Introduction

Although data-driven analysis has been heralded as a new paradigm in fundamental material science such as X-ray Diffraction (XRD) analysis, high-value material datasets are often not made public and are underutilized. This project designs and develops CRUX, a crowdsourced data infrastructure and services to curate, discover, share, and recommend unpublished XRD data and analytical results. CRUX promotes underutilized high-quality material science data by allowing the sharing and exploration of unpublished data with state-of-the-art crowdsourcing, knowledge harvesting, and machine learning techniques. CRUX provides a crowdsourced knowledge base to allow scientists and the general public to share and access unpublished data resources. It also provides (a) a novel search engine that supports simple keyword search, can provide relevant data resources when the exact keyword matching does not exist, and self-evolves to improve the search quality, and (b) a "data feed" service to allow users to easily receive and track updates of specific data resources of interest. The developed infrastructure and tools enable an open, collaborative, and sustainable platform that can facilitate exchanging of unpublished XRD data and discoveries, unlock new research problems (e.g., predictive analysis of materials compositions with multi-phase data), and inspire the novel design of machine learning pipelines (e.g., deep neural networks) for data-driven materials science. CRUX will make materials data resources available and shareable for a broad community including materials scientists, data analysts, software developers, and the general public, and thus promote long-term collaborative research, software development, and education.
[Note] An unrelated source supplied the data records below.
lemma diagonal_components_agree:
  assumes m: "hom C m X (sdom C l)" "m \<boxplus> (s1\<^sup>\<dagger> \<odot> l)\<^sup>\<dagger> = \<zero>\<^bsub>X,sdom C l\<^esub>"
  shows "\<one>\<^bsub>X\<^esub> \<boxplus> (s1\<^sup>\<dagger> \<odot> l) \<odot> m = (s2\<^sup>\<dagger> \<odot> l) \<odot> m"
proof -
  note homs = bp_homs[OF bp] and eqs = bp_retractions[OF bp] bp_orthogonal[OF bp]
  have lm: "hom C (l \<odot> m) X P"
    using hom_l m(1) by blast
  define t where "t = s1 \<boxplus> l \<odot> m"
  have t: "hom C t X P"
    unfolding t_def using homs lm by blast
  have "l\<^sup>\<dagger> \<odot> t = l\<^sup>\<dagger> \<odot> s1 \<boxplus> l\<^sup>\<dagger> \<odot> (l \<odot> m)"
    unfolding t_def using comp_madd[OF homs(1) lm hom_adj[OF hom_l]] .
  also have "\<dots> = (s1\<^sup>\<dagger> \<odot> l)\<^sup>\<dagger> \<boxplus> m"
  proof -
    have "l\<^sup>\<dagger> \<odot> s1 = (s1\<^sup>\<dagger> \<odot> l)\<^sup>\<dagger>"
      using adj_comp[of "s1\<^sup>\<dagger>" l] homs hom_l by (simp add: hom_def)
    moreover have "l\<^sup>\<dagger> \<odot> (l \<odot> m) = (l\<^sup>\<dagger> \<odot> l) \<odot> m"
      using hom_l m(1) by (simp add: cat_simps)
    moreover have "(l\<^sup>\<dagger> \<odot> l) \<odot> m = m"
      using isometry_l m(1) by (simp add: isometry_def cat_simps)
    ultimately show ?thesis
      by simp
  qed
  also have "\<dots> = \<zero>\<^bsub>X,sdom C l\<^esub>"
    using madd_commute[OF hom_adj[OF hom_comp[OF hom_l homs(2)]] m(1)] m(2) by simp
  finally obtain u where u: "hom C u X X" "d \<odot> u = t"
    using factor_through_diagonal[OF t] by blast
  have "s1\<^sup>\<dagger> \<odot> t = s2\<^sup>\<dagger> \<odot> t"
    using comp_reduce[OF diag(2), of u] comp_reduce[OF diag(3), of u] u(1) diag homs
    by (simp add: hom_def flip: u(2))
  moreover have "s1\<^sup>\<dagger> \<odot> t = \<one>\<^bsub>X\<^esub> \<boxplus> (s1\<^sup>\<dagger> \<odot> l) \<odot> m"
    unfolding t_def using comp_madd[OF homs(1) lm homs(2)] eqs homs hom_l m
    by (simp add: cat_simps)
  moreover have "s2\<^sup>\<dagger> \<odot> t = (s2\<^sup>\<dagger> \<odot> l) \<odot> m"
    unfolding t_def using comp_madd[OF homs(1) lm homs(4)] eqs homs hom_l m lm
    by (simp add: cat_simps)
  ultimately show ?thesis
    by simp
qed
theorem proposition6p4:
  fixes M :: "real^'n^'n" and \<beta> u :: "real^'n" and \<gamma> :: real
  assumes n2: "CARD('n) \<ge> 2"
    and par: "is_paraboloid M \<beta>"
    and u_unit: "norm u = 1" and u_ker: "M *v u = 0" and u_pos: "\<beta> \<bullet> u > 0"
  shows
    "(\<forall>xc \<in> frontier (quad_set M \<beta> \<gamma>).
        norm (M *v xc - \<beta>) \<ge> largest_eigenvalue M * sqrt (CARD('n)) / 2 \<longrightarrow>
        (\<exists>x \<in> quad_set M \<beta> \<gamma>. integer_vector x \<and> norm (x - xc) \<le> sqrt (CARD('n))))
   \<and> (\<forall>\<alpha> xh. u \<bullet> \<alpha> > 0 \<and> xh \<in> quad_set M \<beta> \<gamma> \<and> (\<forall>x \<in> quad_set M \<beta> \<gamma>. \<alpha> \<bullet> xh \<le> \<alpha> \<bullet> x) \<longrightarrow>
        ((u \<bullet> \<alpha>) / norm \<alpha> \<le> (u \<bullet> \<beta>) / (largest_eigenvalue M * sqrt (CARD('n)) / 2)
           \<longleftrightarrow> norm (M *v xh - \<beta>) \<ge> largest_eigenvalue M * sqrt (CARD('n)) / 2)
        \<and> (norm (M *v xh - \<beta>) \<ge> largest_eigenvalue M * sqrt (CARD('n)) / 2 \<longrightarrow>
           (\<exists>x \<in> quad_set M \<beta> \<gamma>. integer_vector x \<and> \<alpha> \<bullet> x - \<alpha> \<bullet> xh \<le> norm \<alpha> * sqrt (CARD('n)))))"
proof (intro conjI ballI impI allI)
  fix xc assume "xc \<in> frontier (quad_set M \<beta> \<gamma>)"
    and steep: "norm (M *v xc - \<beta>) \<ge> largest_eigenvalue M * sqrt (CARD('n)) / 2"
  then have "xc \<in> quad_set M \<beta> \<gamma>"
    using frontier_subset_closed[OF closed_quad_set] by blast
  then obtain x where "x \<in> quad_set M \<beta> \<gamma>" "integer_vector x" "norm (x - xc) \<le> sqrt (CARD('n))"
    using integer_point_near_steep_point[OF par n2 _ steep] by blast
  then show "\<exists>x \<in> quad_set M \<beta> \<gamma>. integer_vector x \<and> norm (x - xc) \<le> sqrt (CARD('n))"
    by blast
next
  fix \<alpha> xh
  assume "u \<bullet> \<alpha> > 0 \<and> xh \<in> quad_set M \<beta> \<gamma> \<and> (\<forall>x \<in> quad_set M \<beta> \<gamma>. \<alpha> \<bullet> xh \<le> \<alpha> \<bullet> x)"
  then show "(u \<bullet> \<alpha>) / norm \<alpha> \<le> (u \<bullet> \<beta>) / (largest_eigenvalue M * sqrt (CARD('n)) / 2)
           \<longleftrightarrow> norm (M *v xh - \<beta>) \<ge> largest_eigenvalue M * sqrt (CARD('n)) / 2"
    using paraboloid_minimizer_steep_iff[OF par n2 u_ker u_pos] by blast
next
  fix \<alpha> xh
  assume "u \<bullet> \<alpha> > 0 \<and> xh \<in> quad_set M \<beta> \<gamma> \<and> (\<forall>x \<in> quad_set M \<beta> \<gamma>. \<alpha> \<bullet> xh \<le> \<alpha> \<bullet> x)"
    and steep: "norm (M *v xh - \<beta>) \<ge> largest_eigenvalue M * sqrt (CARD('n)) / 2"
  then obtain x where x: "x \<in> quad_set M \<beta> \<gamma>" "integer_vector x" "norm (x - xh) \<le> sqrt (CARD('n))"
    using integer_point_near_steep_point[OF par n2 _ steep] by blast
  have "\<alpha> \<bullet> x - \<alpha> \<bullet> xh \<le> norm \<alpha> * norm (x - xh)"
    using norm_cauchy_schwarz[of \<alpha> "x - xh"] by (simp add: inner_diff_right)
  also have "\<dots> \<le> norm \<alpha> * sqrt (CARD('n))"
    using x(3) by (simp add: mult_left_mono)
  finally show "\<exists>x \<in> quad_set M \<beta> \<gamma>. integer_vector x \<and> \<alpha> \<bullet> x - \<alpha> \<bullet> xh \<le> norm \<alpha> * sqrt (CARD('n))"
    using x by blast
qed

end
The developed CRUX system enables (1) coherent representation of materials data, metadata, and knowledge in terms of a three-tier knowledge graph model; (2) scalable XRD metadata curation and information extraction techniques to promote high-value unpublished XRD data sources for data-driven materials research; (3) adaptive, self-improving search and recommendation techniques to recommend relevant datasets upon user requests and feedback, with sustainability beyond the time of the project; and (4) interactive and exploratory search techniques to explain and recommend the relevant datasets beyond the scope of initial queries. CRUX will be evaluated with established human-in-the-loop knowledge bases and active machine learning algorithms by cornerstone materials research such as the discovery of new high-temperature ferroelectrics. The research community will be able to share XRD data resources (analytical results, machine learning models, processing data) via "one-click" upload, search for high-quality data resources, and (re)discover new resources for machine learning pipelines. CRUX enables several components to advance data-driven materials research, including a materials knowledge graph model, automatic data integration, and exploratory query engine that support "Why" and "What-if" analysis for XRD analysis. Developed solutions will benefit data-driven material science in general. For example, researchers can make use of unpublished two-phase data to predict new materials compositions, identify solubility limits through parameterization by machine learning tools, and refine machine learning models with more sophisticated techniques such as deep neural networks.

Acknowledgement

This research is funded by NSF award CSSI OAC-2104007.